- IATA: none; ICAO: KRZN; FAA LID: RZN;

Summary
- Airport type: Public
- Owner: Burnett County
- Serves: Siren, Wisconsin
- Built: March 1947; 79 years ago
- Time zone: CST (UTC−06:00)
- • Summer (DST): CDT (UTC−05:00)
- Elevation AMSL: 989 ft (301 m)
- Coordinates: 45°49′24″N 092°22′25″W﻿ / ﻿45.82333°N 92.37361°W

Map
- KRZN/RZN Location of airport in Wisconsin KRZN/RZN KRZN/RZN (the United States)

Runways
| Direction | Length |  | Surface |
| ft | m |
| 14/32 | 5,000 | 1,524 | Asphalt |
| 5/23 | 3,900 | 1,189 | Asphalt |

Statistics
- Aircraft operations (2022): 14,700
- Based aircraft (2024): 23
- Source: Federal Aviation Administration

= Burnett County Airport =

Airport in Siren, Wisconsin, United States

Burnett County Airport is a county-owned public use airport located three nautical miles (6 km) north of the central business district of Siren, in Burnett County, Wisconsin, United States. It is included in the Federal Aviation Administration (FAA) National Plan of Integrated Airport Systems for 2025–2029, in which it is categorized as a local general aviation facility.

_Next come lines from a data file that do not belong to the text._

text \<open>By size, a representation of \<open>generator (n, b)\<close> as a sum of generators has no term
  of level below \<open>n\<close> and at most one of level \<open>n\<close>; comparing 3-adic parts forces that term
  to be \<open>(n, b)\<close> itself.\<close>

lemma sum_generators_ne_generator:
  assumes n: "1 \<le> n" and len: "2 \<le> length zs"
  shows "sum_list (map generator zs) \<noteq> generator (n, b)"
proof
  assume sum: "sum_list (map generator zs) = generator (n, b)"
  define L where "L = filter (\<lambda>z. fst z = n) zs"
  define R where "R = filter (\<lambda>z. \<not> fst z = n) zs"
  have split: "sum_list (map generator zs) = sum_list (map generator L) + sum_list (map generator R)"
    unfolding L_def R_def by (rule sum_list_map_filter_split)
  have L_levels: "\<forall>z\<in>set L. fst z = n" by (simp add: L_def)
  have R_levels: "\<forall>z\<in>set R. n < fst z"
    using levels_ge_if_sum_generators_eq[OF sum] by (auto simp: R_def)
  define t where "t = sign_of b - sum_list (map (sign_of \<circ> snd) L)"
  have "three_adic_value L = of_int (sum_list (map (sign_of \<circ> snd) L)) / 3 ^ n"
    using L_levels by (induction L) (auto simp: three_adic_value_def add_divide_distrib)
  hence "sum_list (map generator R) - of_int t / 3 ^ n
      = (generator (n, b) - of_int (sign_of b) / 3 ^ n)
        - (sum_list (map generator L) - three_adic_value L)"
    using sum split by (simp add: t_def diff_divide_distrib)
  hence "dyadic (sum_list (map generator R) - of_int t / 3 ^ n)"
    using dyadic_generator_diff[of "(n, b)"] dyadic_sum_generators_diff[of L] by (simp add: dyadic_diff)
  moreover have "sum_list (map generator R) < 21 / 2 ^ (n + 5)"
  proof -
    have "sum_list (map generator R) \<le> generator (n, b)"
      using sum_generators_filter_le sum unfolding R_def by metis
    also have "\<dots> \<le> 9 / 2 ^ (n + 4)" by (rule generator_le)
    also have "\<dots> < 21 / 2 ^ (n + 5)" by (simp add: field_simps power_add)
    finally show ?thesis .
  qed
  ultimately have "3 dvd t" using sum_generators_ge_if_three_adic[OF n R_levels] by fastforce
  moreover have "length L \<le> 1" unfolding L_def by (rule length_filter_level_le_one[OF sum])
  ultimately have "L = [(n, b)]"
    using L_levels by (cases L) (auto simp: t_def sign_of_def split: if_splits)
  hence "sum_list (map generator R) = 0" using sum split by simp
  moreover have "R \<noteq> []"
    using len \<open>L = [(n, b)]\<close> sum_length_filter_compl[of "\<lambda>z. fst z = n" zs]
    by (auto simp: L_def R_def)
  ultimately show False using sum_generators_pos by fastforce
qed

lemma monoid_atom_generator:
  assumes "1 \<le> n" shows "monoid_atom gen_monoid (generator (n, b))"
  unfolding monoid_atom_def
proof (intro conjI ballI impI)
  show "generator (n, b) \<in> gen_monoid" using assms by (rule generator_mem_gen_monoid)
  show "generator (n, b) \<noteq> 0" using generator_pos[of "(n, b)"] by simp
  fix x y assume "x \<in> gen_monoid" "y \<in> gen_monoid" and sum: "generator (n, b) = x + y"
  then obtain xs ys where xs: "x = sum_list (map generator xs)" and ys: "y = sum_list (map generator ys)"
    by (auto simp: gen_monoid_def)
  show "x = 0 \<or> y = 0"
  proof (rule ccontr)
    assume "\<not> (x = 0 \<or> y = 0)"
    hence "2 \<le> length (xs @ ys)" using xs ys by (cases xs; cases ys) auto
    moreover have "sum_list (map generator (xs @ ys)) = generator (n, b)" using sum xs ys by simp
    ultimately show False using sum_generators_ne_generator[OF assms] by blast
  qed
qed

lemma atomic_gen_monoid: "atomic_monoid gen_monoid"
  unfolding atomic_monoid_def
proof (intro ballI impI)
  fix x assume "x \<in> gen_monoid" "x \<noteq> 0"
  then obtain zs where zs: "x = sum_list (map generator zs)" "\<forall>z\<in>set zs. 1 \<le> fst z"
    by (auto simp: gen_monoid_def)
  show "\<exists>as. as \<noteq> [] \<and> (\<forall>a\<in>set as. monoid_atom gen_monoid a) \<and> sum_list as = x"
  proof (intro exI conjI)
    show "map generator zs \<noteq> []" using zs \<open>x \<noteq> 0\<close> by auto
    show "\<forall>a\<in>set (map generator zs). monoid_atom gen_monoid a"
      using zs(2) monoid_atom_generator by (metis imageE list.set_map prod.collapse)
  qed (simp add: zs)
qed

section \<open>The monoid algebra is not atomic\<close>

lemma monoid_algebra_mult:
  assumes "puiseux_monoid M" "f \<in> monoid_algebra M" "g \<in> monoid_algebra M"
  shows "f * g \<in> monoid_algebra M"
  using assms keys_mult[of f g] unfolding monoid_algebra_def puiseux_monoid_def by blast

lemma monoid_algebra_prod_list:
  assumes "puiseux_monoid M" "\<forall>f\<in>set fs. f \<in> monoid_algebra M"
  shows "prod_list fs \<in> monoid_algebra M"
  using assms(2)
proof (induction fs)
  case Nil
  show ?case using assms(1) by (simp add: monoid_algebra_def puiseux_monoid_def)
qed (simp add: monoid_algebra_mult[OF assms(1)])

text \<open>In a factorisation into irreducibles the first factor would be the square of a non-unit.\<close>

lemma not_ma_atomic_if_divisors_squares:
  assumes M: "puiseux_monoid M"
    and T: "T \<in> monoid_algebra M" "T \<noteq> 0" "\<not> ma_unit M T"
    and squares: "\<And>g h. g \<in> monoid_algebra M \<Longrightarrow> h \<in> monoid_algebra M \<Longrightarrow> g * h = T
      \<Longrightarrow> \<exists>k\<in>monoid_algebra M. g = k * k"
  shows "\<not> ma_atomic M"
proof
  assume "ma_atomic M"
  then obtain g fs where irr: "ma_irreducible M g" "\<forall>f\<in>set fs. ma_irreducible M f"
    and prod: "g * prod_list fs = T"
    using T unfolding ma_atomic_def by (metis list.set_intros prod_list.Cons neq_Nil_conv)
  have "prod_list fs \<in> monoid_algebra M"
    using irr(2) by (intro monoid_algebra_prod_list[OF M]) (simp add: ma_irreducible_def)
  then obtain k where k: "k \<in> monoid_algebra M" "g = k * k"
    using squares[OF _ _ prod] irr(1) by (auto simp: ma_irreducible_def)
  hence "ma_unit M k" using irr(1) by (auto simp: ma_irreducible_def)
  then obtain k' where "k' \<in> monoid_algebra M" "k * k' = 1" by (auto simp: ma_unit_def)
  moreover have "g * (k' * k') = (k * k') * (k * k')" using k(2) by (simp add: ac_simps)
  ultimately have "g * (k' * k') = 1" and "k' * k' \<in> monoid_algebra M"
    using monoid_algebra_mult[OF M] by simp_all
  hence "ma_unit M g" using irr(1) by (auto simp: ma_unit_def ma_irreducible_def)
  thus False using irr(1) by (simp add: ma_irreducible_def)
qed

Burnett County is in northwestern Wisconsin, on the border with Minnesota; Burnett County Airport is about 95 mi northeast of Minneapolis, Minnesota by car. The rural area is known for its abundant lakes and associated recreational opportunities, as well as for its wintertime snowmobile trails.

Although many U.S. airports use the same three-letter location identifier for the FAA and IATA, Burnett County Airport is assigned RZN by the FAA but has no designation from the IATA (which assigned RZN to Turlatovo Airport in Ryazan, Russia).

== Facilities and aircraft ==
Burnett County Airport covers an area of 576 acre at an elevation of 989 feet (301 m) above mean sea level. It has two asphalt paved runways: the primary runway 14/32 was reconstructed and extended to 5,000 by 75 feet (1,524 x 23 m) during the summer and fall of 2009 and the crosswind runway 5/23 is 3,900 by 75 feet (1,189 x 23 m).

For the 12-month period ending August 4, 2022, the airport had 14,700 aircraft operations, an average of 40 per day: 99% general aviation and 1% air taxi.
In July 2024, there were 23 aircraft based at this airport: 22 single-engine and 1 multi-engine.